I'm not a big fan of cluttering the forest with signs, but a sign at the start of the trail saying "This trail has mandatory gap jumps - Advanced Riders Only" would be fair warning to riders to be on their toes, and they "should" have nothing to complain about. 

But, it also depends on the land owner and how risk averse they are. Are they going to flip out if they see a sign about mandatory gap jumps? Are they going to close down the whole trail system if somebody crashes on it and sues?


----------



## DaveVt (Jun 13, 2005)

The last picture shows the sight line and run-in. Diana the Dog is laying on a small qualifier feature. From a slow roll over that feature your speed will be perfect for the jump. I will eventually add a stone ramp up onto the second boulder (B line), and have already cleared the line for it, and move the rock halfway there...it's pretty big. I just want to get some laps in on it as is....pure. A trail with one....ONE mandatory tiny jump. The rest of the trail is what would be considered today to be "Expert". It won't last forever, it won't even last long, I'll probably build the ramp in a couple weeks, but building it and riding it as is brings back a hint of what it once was like to ride trails with more consequence.


----------



## life behind bars (May 24, 2014)

Is there an optional go around? Will the "powers that be" require one?


----------



## ki5ka (Dec 17, 2006)

Love how you are utilizing the natural character, my kind of building. Kudos.


----------



## ki5ka (Dec 17, 2006)

Trailbuilding


----------



## DaveVt (Jun 13, 2005)

The ride-able option went in. I moved 2 large slabs and a handful of chunky stoned and got them seated on a natural lip. It will be fun to let someone in front on this section and pass them in the air. The "Huck-by", one of my favorite options. Make the jump option a more direct and faster line. Built one in Stowe but the club there didn't want tourist egos bruised by not being able to ride every trail so they made it a ride-thru. 

The huck-by is BACK.

The DH is about 2000 feet. The climb out is about 2000 feet. This little loop adds about 20 minutes of riding to the local trail network. I have about 125 hours in.
Back to work....


----------



## raisingarizona (Feb 3, 2009)

That is dope!

I'm a big fan of enhanced natural features, much more than the dirt jump "mountain bike" trails that have become real popular these days. that stuff is cool too and has it's place but I think it's gotten a little carried away from the roots of the sport.


----------



## DaveVt (Jun 13, 2005)

raisingarizona said:


> That is dope!
> 
> I'm a big fan of enhanced natural features, much more than the dirt jump "mountain bike" trails that have become real popular these days. that stuff is cool too and has it's place but I think it's gotten a little carried away from the roots of the sport.
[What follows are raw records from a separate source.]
(* Let $S$ be a finite semigroup. If $S$ is pseudo-nilpotent and the lower non-nilpotent graph $\mathcal{L}_S$ has no edges, then the upper non-nilpotent graph $\mathcal{N}_S$ has no edges.
   Context: For a semigroup $S$, $S^1$ denotes $S$ with an identity adjoined (if $S$ has none). For $x,y\in S$ and $z_1,z_2,\ldots\in S^1$ define recursively $\lambda_0=x$, $\rho_0=y$, $\lambda_{n+1}=\lambda_n z_{n+1}\rho_n$, $\rho_{n+1}=\rho_n z_{n+1}\lambda_n$; write $\lambda_n(x,y,z_1,\ldots,z_n)$ and $\rho_n(x,y,z_1,\ldots,z_n)$. A semigroup $S$ is nilpotent (in the sense of Mal'cev) if there is a positive integer $n$ with $\lambda_n(a,b,c_1,\ldots,c_n)=\rho_n(a,b,c_1,\ldots,c_n)$ for all $a,b\in S$ and $c_1,\ldots,c_n\in S^1$. $\langle X\rangle$ denotes the subsemigroup generated by $X$. The upper non-nilpotent graph $\mathcal{N}_S$ has vertex set $S$, with an edge between $x$ and $y$ iff $\langle x,y\rangle$ is not nilpotent. The lower non-nilpotent graph $\mathcal{L}_S$ has vertex set $S$, with an edge between distinct $x,y\in S$ iff there exist $n\ge 1$ and $w_1,\ldots,w_n\in\langle x,y\rangle^1$ with $x=\lambda_n(x,y,w_1,\ldots,w_n)$ and $y=\rho_n(x,y,w_1,\ldots,w_n)$. The empty set is regarded as an ideal; for an ideal $I$ of $S$, $S/I$ is the Rees factor semigroup, with $S/\emptyset=S$. A semigroup $S$ is pseudo-nilpotent if the following holds: whenever $x,y\in S$, $w_1,\ldots,w_m\in S^1$, $T$ is the subsemigroup generated by $x,y$ and those $w_i$ lying in $S$, $I$ is an ideal (possibly empty) of $T$, and $t<m$ are non-negative integers such that, writing $\lambda_k=\lambda_k(x,y,w_1,\ldots,w_k)$ and $\rho_k=\rho_k(x,y,w_1,\ldots,w_k)$, one has $\lambda_t\neq\rho_t$, $(\lambda_t,\rho_t)=(\lambda_m,\rho_m)$ and $\lambda_m,\rho_m\notin I$, then for every $0\le i\le m$ there is an edge in $\mathcal{N}_{T/I}$ between (the images of) $\lambda_i$ and $\rho_i$. *)

theory Defs
  imports Main
begin

definition semigrp :: "'a set \<Rightarrow> ('a \<Rightarrow> 'a \<Rightarrow> 'a) \<Rightarrow> bool" where
  "semigrp S f \<longleftrightarrow> (\<forall>a\<in>S. \<forall>b\<in>S. f a b \<in> S) \<and>
     (\<forall>a\<in>S. \<forall>b\<in>S. \<forall>c\<in>S. f (f a b) c = f a (f b c))"

text \<open>Elements of S^1 are represented as 'a option: None is the adjoined identity,
  Some c stands for c in S.\<close>
definition in_one :: "'a set \<Rightarrow> 'a option \<Rightarrow> bool" where
  "in_one S w \<longleftrightarrow> (case w of None \<Rightarrow> True | Some c \<Rightarrow> c \<in> S)"

definition mult3 :: "('a \<Rightarrow> 'a \<Rightarrow> 'a) \<Rightarrow> 'a \<Rightarrow> 'a option \<Rightarrow> 'a \<Rightarrow> 'a" where
  "mult3 f a z b = (case z of None \<Rightarrow> f a b | Some c \<Rightarrow> f (f a c) b)"

text \<open>lamrho f x y z n = (lambda_n(x,y,z_1,...,z_n), rho_n(x,y,z_1,...,z_n)).\<close>
primrec lamrho :: "('a \<Rightarrow> 'a \<Rightarrow> 'a) \<Rightarrow> 'a \<Rightarrow> 'a \<Rightarrow> (nat \<Rightarrow> 'a option) \<Rightarrow> nat \<Rightarrow> 'a \<times> 'a" where
  "lamrho f x y z 0 = (x, y)"
| "lamrho f x y z (Suc n) =
     (let (l, r) = lamrho f x y z n in (mult3 f l (z (Suc n)) r, mult3 f r (z (Suc n)) l))"

definition lam :: "('a \<Rightarrow> 'a \<Rightarrow> 'a) \<Rightarrow> 'a \<Rightarrow> 'a \<Rightarrow> (nat \<Rightarrow> 'a option) \<Rightarrow> nat \<Rightarrow> 'a" where
  "lam f x y z n = fst (lamrho f x y z n)"

definition rho :: "('a \<Rightarrow> 'a \<Rightarrow> 'a) \<Rightarrow> 'a \<Rightarrow> 'a \<Rightarrow> (nat \<Rightarrow> 'a option) \<Rightarrow> nat \<Rightarrow> 'a" where
  "rho f x y z n = snd (lamrho f x y z n)"

text \<open>Mal'cev nilpotency of the semigroup (S, f).\<close>
definition nilpotent :: "'a set \<Rightarrow> ('a \<Rightarrow> 'a \<Rightarrow> 'a) \<Rightarrow> bool" where
  "nilpotent S f \<longleftrightarrow> (\<exists>n>0. \<forall>a\<in>S. \<forall>b\<in>S. \<forall>c. (\<forall>i\<in>{1..n}. in_one S (c i)) \<longrightarrow>
       lam f a b c n = rho f a b c n)"

inductive_set gen :: "('a \<Rightarrow> 'a \<Rightarrow> 'a) \<Rightarrow> 'a set \<Rightarrow> 'a set" for f X where
  base: "x \<in> X \<Longrightarrow> x \<in> gen f X"
| mult: "a \<in> gen f X \<Longrightarrow> b \<in> gen f X \<Longrightarrow> f a b \<in> gen f X"

definition upper_edge :: "'a set \<Rightarrow> ('a \<Rightarrow> 'a \<Rightarrow> 'a) \<Rightarrow> 'a \<Rightarrow> 'a \<Rightarrow> bool" where
  "upper_edge S f x y \<longleftrightarrow> x \<in> S \<and> y \<in> S \<and> \<not> nilpotent (gen f {x, y}) f"

definition lower_edge :: "'a set \<Rightarrow> ('a \<Rightarrow> 'a \<Rightarrow> 'a) \<Rightarrow> 'a \<Rightarrow> 'a \<Rightarrow> bool" where
  "lower_edge S f x y \<longleftrightarrow> x \<in> S \<and> y \<in> S \<and> x \<noteq> y \<and>
     (\<exists>n\<ge>1. \<exists>w. (\<forall>i\<in>{1..n}. in_one (gen f {x, y}) (w i)) \<and>
        x = lam f x y w n \<and> y = rho f x y w n)"

text \<open>Ideals (possibly empty) of (T, f).\<close>
definition is_ideal :: "'a set \<Rightarrow> ('a \<Rightarrow> 'a \<Rightarrow> 'a) \<Rightarrow> 'a set \<Rightarrow> bool" where
  "is_ideal T f I \<longleftrightarrow> I \<subseteq> T \<and> (\<forall>a\<in>I. \<forall>t\<in>T. f a t \<in> I \<and> f t a \<in> I)"

text \<open>Rees factor semigroup T/I on 'a option: Some t for t in T - I, None is the
  zero (the class I), present only if I is nonempty; T/{} = T.\<close>
definition rees_carrier :: "'a set \<Rightarrow> 'a set \<Rightarrow> 'a option set" where
  "rees_carrier T I = Some ` (T - I) \<union> (if I = {} then {} else {None})"

definition rees_mult :: "('a \<Rightarrow> 'a \<Rightarrow> 'a) \<Rightarrow> 'a set \<Rightarrow> 'a option \<Rightarrow> 'a option \<Rightarrow> 'a option" where
  "rees_mult f I a b = (case (a, b) of
      (Some u, Some v) \<Rightarrow> (if f u v \<in> I then None else Some (f u v))
    | _ \<Rightarrow> None)"

definition rees_img :: "'a set \<Rightarrow> 'a \<Rightarrow> 'a option" where
  "rees_img I t = (if t \<in> I then None else Some t)"

definition pseudo_nilpotent :: "'a set \<Rightarrow> ('a \<Rightarrow> 'a \<Rightarrow> 'a) \<Rightarrow> bool" where
  "pseudo_nilpotent S f \<longleftrightarrow>
    (\<forall>x\<in>S. \<forall>y\<in>S. \<forall>m w T I t.
       (\<forall>i\<in>{1..m}. in_one S (w i)) \<longrightarrow>
       T = gen f ({x, y} \<union> {c. \<exists>i\<in>{1..m}. w i = Some c}) \<longrightarrow>
       is_ideal T f I \<longrightarrow>
       t < m \<longrightarrow>
       lam f x y w t \<noteq> rho f x y w t \<longrightarrow>
       (lam f x y w t, rho f x y w t) = (lam f x y w m, rho f x y w m) \<longrightarrow>
       lam f x y w m \<notin> I \<longrightarrow> rho f x y w m \<notin> I \<longrightarrow>
       (\<forall>i\<le>m. upper_edge (rees_carrier T I) (rees_mult f I)
                 (rees_img I (lam f x y w i)) (rees_img I (rho f x y w i))))"

end

theory Submission
  imports Defs
begin

text \<open>Take an edge x, y of the upper non-nilpotent graph for which the subsemigroup
  <x, y> is as small as possible. Since <x, y> is finite and not nilpotent, the pigeonhole
  principle applied to the pairs (lambda_i, rho_i) of a non-collapsing sequence yields
  u \<noteq> v in <x, y> and z_1, ..., z_k with (lambda_k, rho_k)(u, v, z) = (u, v).
  Pseudo-nilpotency with the empty ideal and t = 0 makes <u, v> non-nilpotent, so u, v is
  again an edge of the upper graph; by minimality <u, v> = <x, y>, hence the z_i lie in
  <u, v>^1 and u, v is an edge of the lower graph.\<close>

lemma lam_Suc: "lam f x y z (Suc n) = mult3 f (lam f x y z n) (z (Suc n)) (rho f x y z n)"
  and rho_Suc: "rho f x y z (Suc n) = mult3 f (rho f x y z n) (z (Suc n)) (lam f x y z n)"
  by (simp_all add: lam_def rho_def Let_def case_prod_beta)

lemma lam_0 [simp]: "lam f x y z 0 = x"
  and rho_0 [simp]: "rho f x y z 0 = y"
  by (simp_all add: lam_def rho_def)

lemma lam_rho_shift:
  "lam f (lam f a b c t) (rho f a b c t) (\<lambda>i. c (i + t)) j = lam f a b c (j + t) \<and>
   rho f (lam f a b c t) (rho f a b c t) (\<lambda>i. c (i + t)) j = rho f a b c (j + t)"
  by (induction j) (simp_all add: lam_Suc rho_Suc)

lemma lam_eq_rho_mono:
  assumes "lam f a b c k = rho f a b c k" and "k \<le> n"
  shows "lam f a b c n = rho f a b c n"
  using assms(2,1) by (induction n rule: dec_induct) (simp_all add: lam_Suc rho_Suc)

lemma mult3_closed:
  assumes "\<forall>a\<in>T. \<forall>b\<in>T. f a b \<in> T" and "l \<in> T" "r \<in> T" "in_one T z"
  shows "mult3 f l z r \<in> T"
  using assms by (cases z) (auto simp: mult3_def in_one_def)

lemma lam_rho_closed:
  assumes "\<forall>a\<in>T. \<forall>b\<in>T. f a b \<in> T" and "a \<in> T" "b \<in> T"
    and "\<forall>i\<in>{1..n}. in_one T (c i)" and "k \<le> n"
  shows "lam f a b c k \<in> T \<and> rho f a b c k \<in> T"
  using assms(5)
proof (induction k)
  case (Suc k)
  then have "in_one T (c (Suc k))" using assms(4) by auto
  with Suc assms(1) show ?case by (simp add: lam_Suc rho_Suc mult3_closed)
qed (use assms in simp)

lemma gen_least:
  assumes "X \<subseteq> A" and "\<forall>a\<in>A. \<forall>b\<in>A. f a b \<in> A"
  shows "gen f X \<subseteq> A"
proof
  fix x assume "x \<in> gen f X"
  then show "x \<in> A" by induction (use assms in auto)
qed

lemma gen_closed: "\<forall>a\<in>gen f X. \<forall>b\<in>gen f X. f a b \<in> gen f X"
  by (auto intro: gen.mult)

lemma gen_pair_subset:
  assumes "u \<in> gen f X" "v \<in> gen f X"
  shows "gen f {u, v} \<subseteq> gen f X"
  using assms by (intro gen_least gen_closed) auto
We have a pretty darn nice flow trail as part of this network 900 vert that is on the more natural side of bike park type trails on purpose. It's nice to have as part of a ride but riding natural features with as little building as needed is my goal when making a trail.


----------



## Oldfatbaldguy (Nov 4, 2010)

At first glance, I didn't like the "mandatory" label. The photos show good sight lines and the ability to walk around (some could ride around). Good JOB!

I'm in mind of a poorly-constructed, "underground" fall-line trail on a glacial esker: straight down about 9 feet, hard turn to get around a massive white pine, then an even steeper drop aimed right at a scarred stump...lots of riders had "eaten it"...including moi. I'm glad the local county fenced THAT one off about 20 years ago.

Local riders loved it as a sign of their having survived and learned to navigate it. Out-of-towners felt like they were being set-up.


----------



## BunniBoi (Aug 20, 2018)

Awesome. I'm totally digging on finding natural features and making them rideable.


----------